The report highlights problems which hinder court reform in Georgia. One of the most important issues is the intimidation put upon the courts by the executive and the prosecutor’s office. A method of disciplinary persecution used against court independence is another issue outlined in the report. The report states that there has been an increase in cases where instead of appealing against the courts decision, attempts are made to persecute judges with disciplinary measures. Another impediment to the independence of the courts is the appointment of judges to their positions. The report states: ‘Apart from the judges of the Supreme Court, Common Court judges are appointed to or dismissed from their positions either by the President of Georgia or the High Court of Justice. Although, the judges must be certified and qualified, the reasons why judges are appointed to their positions are often vague and are not transparent”.

The American Bar Association on the Court Reform lists several important issues that must be paid the greatest attention. These are as follows:

1. There should be an increase in the number of judges and a solution to the problems relating to the vacancies for judges should also be found.
2. The judicial training should be advanced and there should be better opportunities for further education for the judges.
3. Professional ethical issues should be stressed during the training
4. More effectively implementing court decisions, particularly of those that concern the state. 

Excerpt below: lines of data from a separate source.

theorem card_field_ge: "2 ^ CARD('l) \<le> CARD('e)"
proof (rule ccontr)
  assume "\<not> 2 ^ CARD('l) \<le> CARD('e)"
  fix j0 :: 'k
  have "CARD('e) < 2 ^ card (UNIV - {j0})"
    using \<open>\<not> 2 ^ CARD('l) \<le> CARD('e)\<close> card_servers by simp
  then obtain T T' where T: "T \<subseteq> UNIV - {j0}" and T': "T' \<subseteq> UNIV - {j0}" and "T \<noteq> T'"
    and sums: "(\<Sum>j\<in>T. \<delta> j - \<delta> j0) = (\<Sum>j\<in>T'. \<delta> j - \<delta> j0)"
    by (rule subset_sums_collide[OF finite])
  define \<phi> where "\<phi> w = (\<Sum>j\<in>T. w j + w j0) + (\<Sum>j\<in>T'. w j + w j0)" for w :: "'k \<Rightarrow> bit"
  have "additive \<phi>"
    by unfold_locales (simp add: \<phi>_def sum.distrib add_ac)
  have "\<phi> (outputs x 0) = 0" for x
    using G_shift_sum[of T j0 0 x] G_shift_sum[of T' j0 0 x] sums by (simp add: \<phi>_def)
  moreover have "\<phi> k = 0" if "Rec k = 0" for k
  proof -
    have "k j + k j0 = 0" for j
      using kernel_const[OF that] by simp
    then show ?thesis
      by (simp only: \<phi>_def sum.neutral_const add_0)
  qed
  ultimately have \<phi>_zero: "\<phi> w = 0" for w
    by (metis kernel_decomposition additive.add[OF \<open>additive \<phi>\<close>])
  obtain j where "(j \<in> T) \<noteq> (j \<in> T')"
    using \<open>T \<noteq> T'\<close> by blast
  with T T' have "\<phi> (\<lambda>k. if k = j then 1 else 0) = 1"
    by (cases "j \<in> T") (auto simp: \<phi>_def)
  with \<phi>_zero show False
    by simp
qed

end

theorem no_lin_hss_shamir_share:
  fixes \<alpha>0 :: "'e::{field,finite}" and \<alpha> :: "'k::finite \<Rightarrow> 'e"
    and Eval :: "'k \<Rightarrow> ('l::finite \<Rightarrow> 'e) \<Rightarrow> bit" and Rec :: "('k \<Rightarrow> bit) \<Rightarrow> 'l \<Rightarrow> bit"
  assumes "CARD('k) = CARD('l) + 1" and "CARD('e) < 2 ^ CARD('l)" and "\<alpha>0 \<notin> range \<alpha>"
  shows "\<not> lin_hss (shamir_share \<alpha>0 \<alpha>) Eval Rec"
proof
  assume hss: "lin_hss (shamir_share \<alpha>0 \<alpha>) Eval Rec"
  have rescale: "(b + inverse (\<alpha> j - \<alpha>0) * of_bit x) * (\<alpha> j - \<alpha>0) = shamir_share \<alpha>0 \<alpha> x b j"
    for b x j
  proof -
    have "\<alpha> j - \<alpha>0 \<noteq> 0"
      using \<open>\<alpha>0 \<notin> range \<alpha>\<close> by auto
    then show ?thesis
      by (simp add: shamir_share_def field_simps)
  qed
  have "additive Rec"
    using hss by (simp add: lin_hss_def rec_linear_def additive_def)
  moreover have "Rec (\<lambda>j. Eval j (\<lambda>i. (b i + inverse (\<alpha> j - \<alpha>0) * of_bit (x i)) * (\<alpha> j - \<alpha>0))) = x"
    for x b
    using hss by (simp only: rescale lin_hss_def hss_correct_def)
  ultimately interpret affine_output_decoder Rec "\<lambda>j c. Eval j (\<lambda>i. c i * (\<alpha> j - \<alpha>0))"
      "\<lambda>j. inverse (\<alpha> j - \<alpha>0)"
    using assms(1) by (rule affine_output_decoder.intro)
  show False
    using card_field_ge assms(2) by simp
qed

theorem mainTheorem19:
  shows "(\<exists>(Eval :: 5 \<Rightarrow> (4 \<Rightarrow> (5 \<Rightarrow> bit)) \<Rightarrow> bit) (Rec :: (5 \<Rightarrow> bit) \<Rightarrow> (4 \<Rightarrow> bit)).
            lin_hss (cnf_share :: bit \<Rightarrow> (5 \<Rightarrow> bit) \<Rightarrow> 5 \<Rightarrow> (5 \<Rightarrow> bit)) Eval Rec)
       \<and> (\<forall>(\<alpha>0 :: 'e::{field,finite}) (\<alpha> :: 5 \<Rightarrow> 'e).
            CARD('e) = 8 \<longrightarrow> inj \<alpha> \<longrightarrow> \<alpha>0 \<notin> range \<alpha> \<longrightarrow>
            \<not> (\<exists>(Eval :: 5 \<Rightarrow> (4 \<Rightarrow> 'e) \<Rightarrow> bit) (Rec :: (5 \<Rightarrow> bit) \<Rightarrow> (4 \<Rightarrow> bit)).
                 lin_hss (shamir_share \<alpha>0 \<alpha>) Eval Rec))"
proof
  show "\<exists>(Eval :: 5 \<Rightarrow> (4 \<Rightarrow> (5 \<Rightarrow> bit)) \<Rightarrow> bit) Rec. lin_hss cnf_share Eval Rec"
    by (rule ex_lin_hss_cnf_share) simp
  show "\<forall>(\<alpha>0 :: 'e) (\<alpha> :: 5 \<Rightarrow> 'e). CARD('e) = 8 \<longrightarrow> inj \<alpha> \<longrightarrow> \<alpha>0 \<notin> range \<alpha> \<longrightarrow>
      \<not> (\<exists>(Eval :: 5 \<Rightarrow> (4 \<Rightarrow> 'e) \<Rightarrow> bit) Rec. lin_hss (shamir_share \<alpha>0 \<alpha>) Eval Rec)"
    using no_lin_hss_shamir_share[where 'k = 5 and 'l = 4 and 'e = 'e] by simp
qed

end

The report gives reasons why 29 out of the 30 elements are designated as negative or neutral. Regarding the choosing and appointment of judges to their positions, the report states: “The procedure for appointing judges is not transparent. There are no criteria for the selection of judges”. In the same chapter one can read the following: “Qualifying from the examination is valid for 7 years. However, this validity should be doubted because some judges took the examination during the Shevardnadze era. This is especially true, if according to the rumors, 2000 laris used to be paid to pass the exam successfully”.

The court’s jurisdiction and civil rights are both negatively estimated. The report explains that despite the fact that the Constitution gives impressive human rights protection, this protection does not exist in reality. “Georgia ratified the European Convention on Human Rights but the courts seldom take that into account that whilst making a decision”.

The same chapter concentrates on problems concerning the number of accused people who remain in Preliminary Detention Centers without sufficient proof against them.

The report also considers decisions taken by the court against the state: ‘It is very difficult to carry out any decisions against the state. Thus, a defender feels discouraged from applying to the courts. One who was interviewed said that the courts suspend cases on human rights violations’.

The 20th article, also negative, relates to intimidation affecting a court’s decision. The reason for this negative estimation was given as the following: ‘One of the most important problems within the Court Reforms is the intimidation that can be placed upon independent courts; freedom from which is guaranteed by the Constitution of Georgia. However, the courts experience intimidation from the executive and the prosecutor’s office. The Constitution states that a judge is independent in their activities and is only subordinate to the Constitution and the law. Any attempt at intimidation or involvement in the decision making process is strongly forbidden and punishable by law (Article 84.1 of the Constitution).

The revised salaries for the judges are the only factor assessed as positive and are as follows: 

The Chairperson of the Constitutional Court – 4100 laris, the Deputy – 3300 laris, Judges – 3000 laris;

Head of the Supreme Court – 4100 laris, the Deputy – 3600 laris, Judges – 3000 laris;

Head of the Appeal Court – 3000 laris, Judges – 1650 laris;

Head of Regional Court – 1650 laris, Judges – 1450 laris.